- PROMPT -
Search the records for the string "Const" and copy every line where it turns up.

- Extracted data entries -
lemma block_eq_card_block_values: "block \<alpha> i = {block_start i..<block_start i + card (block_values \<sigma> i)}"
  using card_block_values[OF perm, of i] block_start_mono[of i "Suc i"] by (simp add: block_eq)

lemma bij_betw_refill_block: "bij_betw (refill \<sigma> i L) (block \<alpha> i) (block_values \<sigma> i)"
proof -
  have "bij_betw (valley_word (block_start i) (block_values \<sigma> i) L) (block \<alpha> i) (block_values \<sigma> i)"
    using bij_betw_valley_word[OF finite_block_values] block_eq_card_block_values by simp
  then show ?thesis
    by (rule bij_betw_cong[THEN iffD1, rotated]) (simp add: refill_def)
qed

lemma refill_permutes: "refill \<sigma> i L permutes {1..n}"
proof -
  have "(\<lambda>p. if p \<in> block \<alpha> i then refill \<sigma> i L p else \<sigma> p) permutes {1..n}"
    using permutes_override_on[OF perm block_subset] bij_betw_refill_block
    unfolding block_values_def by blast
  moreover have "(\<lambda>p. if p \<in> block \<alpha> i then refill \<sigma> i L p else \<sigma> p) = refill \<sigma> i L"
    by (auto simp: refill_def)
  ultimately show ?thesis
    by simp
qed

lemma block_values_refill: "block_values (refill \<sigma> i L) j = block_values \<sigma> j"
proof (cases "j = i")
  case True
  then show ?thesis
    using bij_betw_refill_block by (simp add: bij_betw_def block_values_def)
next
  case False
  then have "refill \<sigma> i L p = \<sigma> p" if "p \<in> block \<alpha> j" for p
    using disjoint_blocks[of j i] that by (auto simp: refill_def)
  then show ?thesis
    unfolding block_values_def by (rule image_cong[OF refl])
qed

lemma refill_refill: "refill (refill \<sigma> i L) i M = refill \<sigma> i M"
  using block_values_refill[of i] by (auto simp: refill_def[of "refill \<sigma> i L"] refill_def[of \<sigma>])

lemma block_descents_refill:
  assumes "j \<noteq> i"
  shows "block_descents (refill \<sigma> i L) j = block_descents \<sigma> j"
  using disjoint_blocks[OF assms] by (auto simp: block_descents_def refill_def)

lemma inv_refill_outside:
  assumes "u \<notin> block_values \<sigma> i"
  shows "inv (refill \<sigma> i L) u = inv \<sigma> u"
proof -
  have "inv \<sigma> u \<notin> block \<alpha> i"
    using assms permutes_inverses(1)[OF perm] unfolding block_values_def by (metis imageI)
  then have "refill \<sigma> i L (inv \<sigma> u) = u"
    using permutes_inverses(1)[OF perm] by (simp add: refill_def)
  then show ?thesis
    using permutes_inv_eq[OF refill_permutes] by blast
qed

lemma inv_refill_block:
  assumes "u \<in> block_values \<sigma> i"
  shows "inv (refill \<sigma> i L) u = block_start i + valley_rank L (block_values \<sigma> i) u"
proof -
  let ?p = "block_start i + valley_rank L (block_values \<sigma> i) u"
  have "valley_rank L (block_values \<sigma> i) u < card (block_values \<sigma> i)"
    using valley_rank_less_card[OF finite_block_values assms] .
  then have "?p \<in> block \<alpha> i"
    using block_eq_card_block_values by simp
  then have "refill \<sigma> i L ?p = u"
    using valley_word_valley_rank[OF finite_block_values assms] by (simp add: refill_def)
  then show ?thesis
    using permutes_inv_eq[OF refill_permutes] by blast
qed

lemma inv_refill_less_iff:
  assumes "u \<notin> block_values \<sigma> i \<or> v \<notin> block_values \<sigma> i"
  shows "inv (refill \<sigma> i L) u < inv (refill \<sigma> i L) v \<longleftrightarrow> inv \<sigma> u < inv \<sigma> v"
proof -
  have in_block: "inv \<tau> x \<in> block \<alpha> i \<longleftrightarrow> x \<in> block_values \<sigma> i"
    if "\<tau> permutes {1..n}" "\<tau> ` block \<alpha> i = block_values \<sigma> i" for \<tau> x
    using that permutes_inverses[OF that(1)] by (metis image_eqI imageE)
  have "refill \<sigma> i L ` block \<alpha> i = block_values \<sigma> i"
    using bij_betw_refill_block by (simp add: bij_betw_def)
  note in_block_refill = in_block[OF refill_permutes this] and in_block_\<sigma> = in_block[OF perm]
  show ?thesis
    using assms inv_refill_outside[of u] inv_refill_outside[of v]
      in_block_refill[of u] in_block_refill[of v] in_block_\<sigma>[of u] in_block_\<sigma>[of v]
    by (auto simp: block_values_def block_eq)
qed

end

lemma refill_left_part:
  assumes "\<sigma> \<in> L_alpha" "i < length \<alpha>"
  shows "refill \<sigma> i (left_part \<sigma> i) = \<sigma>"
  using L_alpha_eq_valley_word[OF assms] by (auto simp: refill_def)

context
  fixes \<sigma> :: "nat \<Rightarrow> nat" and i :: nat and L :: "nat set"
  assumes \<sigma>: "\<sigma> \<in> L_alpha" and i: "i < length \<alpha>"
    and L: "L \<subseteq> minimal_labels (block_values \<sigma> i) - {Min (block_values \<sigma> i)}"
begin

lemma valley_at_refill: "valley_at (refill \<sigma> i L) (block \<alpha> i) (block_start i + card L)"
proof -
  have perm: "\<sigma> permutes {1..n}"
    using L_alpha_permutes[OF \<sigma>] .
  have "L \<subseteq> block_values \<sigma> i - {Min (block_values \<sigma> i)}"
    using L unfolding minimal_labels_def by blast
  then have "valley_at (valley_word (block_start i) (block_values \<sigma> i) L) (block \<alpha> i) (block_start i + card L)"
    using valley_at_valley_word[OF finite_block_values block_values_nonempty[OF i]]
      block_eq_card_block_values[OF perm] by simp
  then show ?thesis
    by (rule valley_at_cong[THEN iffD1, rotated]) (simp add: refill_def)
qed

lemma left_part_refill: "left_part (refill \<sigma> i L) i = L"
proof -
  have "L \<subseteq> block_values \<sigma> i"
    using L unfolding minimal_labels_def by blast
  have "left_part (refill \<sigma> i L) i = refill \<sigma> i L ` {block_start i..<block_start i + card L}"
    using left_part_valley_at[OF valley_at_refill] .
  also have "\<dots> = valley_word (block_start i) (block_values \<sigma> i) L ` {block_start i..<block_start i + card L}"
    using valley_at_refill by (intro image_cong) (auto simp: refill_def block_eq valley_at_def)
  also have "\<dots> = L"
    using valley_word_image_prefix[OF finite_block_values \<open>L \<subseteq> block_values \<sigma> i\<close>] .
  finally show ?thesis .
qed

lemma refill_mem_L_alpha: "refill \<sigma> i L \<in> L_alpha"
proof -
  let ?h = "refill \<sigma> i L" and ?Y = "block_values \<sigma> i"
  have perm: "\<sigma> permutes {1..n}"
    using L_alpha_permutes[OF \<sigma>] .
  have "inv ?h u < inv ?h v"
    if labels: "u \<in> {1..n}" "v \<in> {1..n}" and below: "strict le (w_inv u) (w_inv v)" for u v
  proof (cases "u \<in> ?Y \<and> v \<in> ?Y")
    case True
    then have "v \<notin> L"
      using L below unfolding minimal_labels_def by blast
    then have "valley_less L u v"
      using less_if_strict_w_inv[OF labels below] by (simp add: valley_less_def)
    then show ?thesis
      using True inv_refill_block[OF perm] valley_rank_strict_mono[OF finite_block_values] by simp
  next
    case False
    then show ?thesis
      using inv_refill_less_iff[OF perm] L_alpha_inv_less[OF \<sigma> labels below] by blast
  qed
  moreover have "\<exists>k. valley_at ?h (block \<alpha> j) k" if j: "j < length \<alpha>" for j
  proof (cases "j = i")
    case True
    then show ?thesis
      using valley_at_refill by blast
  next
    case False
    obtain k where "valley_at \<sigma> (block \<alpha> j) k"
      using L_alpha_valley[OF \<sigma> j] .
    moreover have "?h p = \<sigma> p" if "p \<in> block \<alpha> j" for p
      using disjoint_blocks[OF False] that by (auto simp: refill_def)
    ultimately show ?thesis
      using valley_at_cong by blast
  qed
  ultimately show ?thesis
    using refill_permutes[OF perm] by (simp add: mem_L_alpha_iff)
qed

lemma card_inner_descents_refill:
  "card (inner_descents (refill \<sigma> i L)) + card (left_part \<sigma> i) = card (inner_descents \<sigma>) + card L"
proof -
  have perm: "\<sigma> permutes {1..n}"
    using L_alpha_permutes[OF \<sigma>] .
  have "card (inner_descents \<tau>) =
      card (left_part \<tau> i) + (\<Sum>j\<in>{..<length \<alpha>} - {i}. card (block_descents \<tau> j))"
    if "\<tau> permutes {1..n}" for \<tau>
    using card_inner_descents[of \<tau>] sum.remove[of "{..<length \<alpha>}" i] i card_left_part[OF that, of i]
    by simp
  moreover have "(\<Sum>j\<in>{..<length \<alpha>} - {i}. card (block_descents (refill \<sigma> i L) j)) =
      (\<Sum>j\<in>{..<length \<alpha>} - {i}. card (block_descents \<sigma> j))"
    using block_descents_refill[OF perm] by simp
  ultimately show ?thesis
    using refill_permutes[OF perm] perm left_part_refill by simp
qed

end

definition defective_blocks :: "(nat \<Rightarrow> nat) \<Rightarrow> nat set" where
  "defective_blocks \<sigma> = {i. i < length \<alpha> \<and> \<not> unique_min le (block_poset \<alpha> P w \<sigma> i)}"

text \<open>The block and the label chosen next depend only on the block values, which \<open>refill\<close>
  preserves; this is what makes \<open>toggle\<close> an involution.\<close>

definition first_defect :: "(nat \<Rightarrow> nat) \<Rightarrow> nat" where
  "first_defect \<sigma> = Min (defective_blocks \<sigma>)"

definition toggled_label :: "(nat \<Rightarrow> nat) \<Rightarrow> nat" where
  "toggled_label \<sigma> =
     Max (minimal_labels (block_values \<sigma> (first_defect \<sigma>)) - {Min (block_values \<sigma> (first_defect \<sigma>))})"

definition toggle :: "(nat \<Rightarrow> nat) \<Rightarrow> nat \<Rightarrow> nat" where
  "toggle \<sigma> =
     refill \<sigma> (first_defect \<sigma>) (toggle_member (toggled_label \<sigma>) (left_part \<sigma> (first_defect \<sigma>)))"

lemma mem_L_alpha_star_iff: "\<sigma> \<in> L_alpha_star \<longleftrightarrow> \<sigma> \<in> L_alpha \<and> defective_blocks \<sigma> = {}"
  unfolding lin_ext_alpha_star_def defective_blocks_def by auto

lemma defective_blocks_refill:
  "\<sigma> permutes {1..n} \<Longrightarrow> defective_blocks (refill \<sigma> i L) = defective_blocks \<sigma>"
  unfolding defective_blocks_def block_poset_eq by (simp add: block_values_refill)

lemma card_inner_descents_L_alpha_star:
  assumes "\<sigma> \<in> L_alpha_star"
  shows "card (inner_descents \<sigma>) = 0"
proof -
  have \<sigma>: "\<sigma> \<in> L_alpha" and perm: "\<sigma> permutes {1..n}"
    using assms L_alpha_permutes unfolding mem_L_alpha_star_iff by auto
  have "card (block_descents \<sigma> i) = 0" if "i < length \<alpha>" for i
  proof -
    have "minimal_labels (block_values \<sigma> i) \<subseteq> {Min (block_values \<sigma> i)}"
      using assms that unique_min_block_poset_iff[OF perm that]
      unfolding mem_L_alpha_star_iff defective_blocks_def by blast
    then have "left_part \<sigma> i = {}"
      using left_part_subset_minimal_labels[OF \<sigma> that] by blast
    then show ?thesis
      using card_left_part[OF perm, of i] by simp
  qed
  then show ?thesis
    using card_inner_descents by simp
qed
--
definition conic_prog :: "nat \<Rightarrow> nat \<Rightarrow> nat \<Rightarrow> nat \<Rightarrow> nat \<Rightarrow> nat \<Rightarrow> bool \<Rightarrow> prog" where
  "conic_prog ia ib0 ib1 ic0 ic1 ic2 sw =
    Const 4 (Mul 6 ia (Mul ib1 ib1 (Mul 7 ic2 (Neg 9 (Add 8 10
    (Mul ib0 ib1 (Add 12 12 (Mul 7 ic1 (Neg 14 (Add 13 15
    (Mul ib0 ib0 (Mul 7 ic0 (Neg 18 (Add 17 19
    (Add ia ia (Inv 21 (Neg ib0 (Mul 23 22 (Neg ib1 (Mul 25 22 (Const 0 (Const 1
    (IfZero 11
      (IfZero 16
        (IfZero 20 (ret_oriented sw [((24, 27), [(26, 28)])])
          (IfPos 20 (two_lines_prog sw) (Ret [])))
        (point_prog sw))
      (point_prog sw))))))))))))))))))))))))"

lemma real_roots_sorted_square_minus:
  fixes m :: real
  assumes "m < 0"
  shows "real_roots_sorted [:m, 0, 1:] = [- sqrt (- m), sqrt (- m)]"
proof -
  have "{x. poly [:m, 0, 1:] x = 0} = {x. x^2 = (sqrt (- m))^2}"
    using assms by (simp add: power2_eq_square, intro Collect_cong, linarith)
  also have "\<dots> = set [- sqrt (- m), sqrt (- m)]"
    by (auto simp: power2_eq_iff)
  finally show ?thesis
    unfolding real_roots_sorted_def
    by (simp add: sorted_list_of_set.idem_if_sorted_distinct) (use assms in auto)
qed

- WRITTEN ANSWER -
    Const 4 (Mul 6 ia (Mul ib1 ib1 (Mul 7 ic2 (Neg 9 (Add 8 10
    (Add ia ia (Inv 21 (Neg ib0 (Mul 23 22 (Neg ib1 (Mul 25 22 (Const 0 (Const 1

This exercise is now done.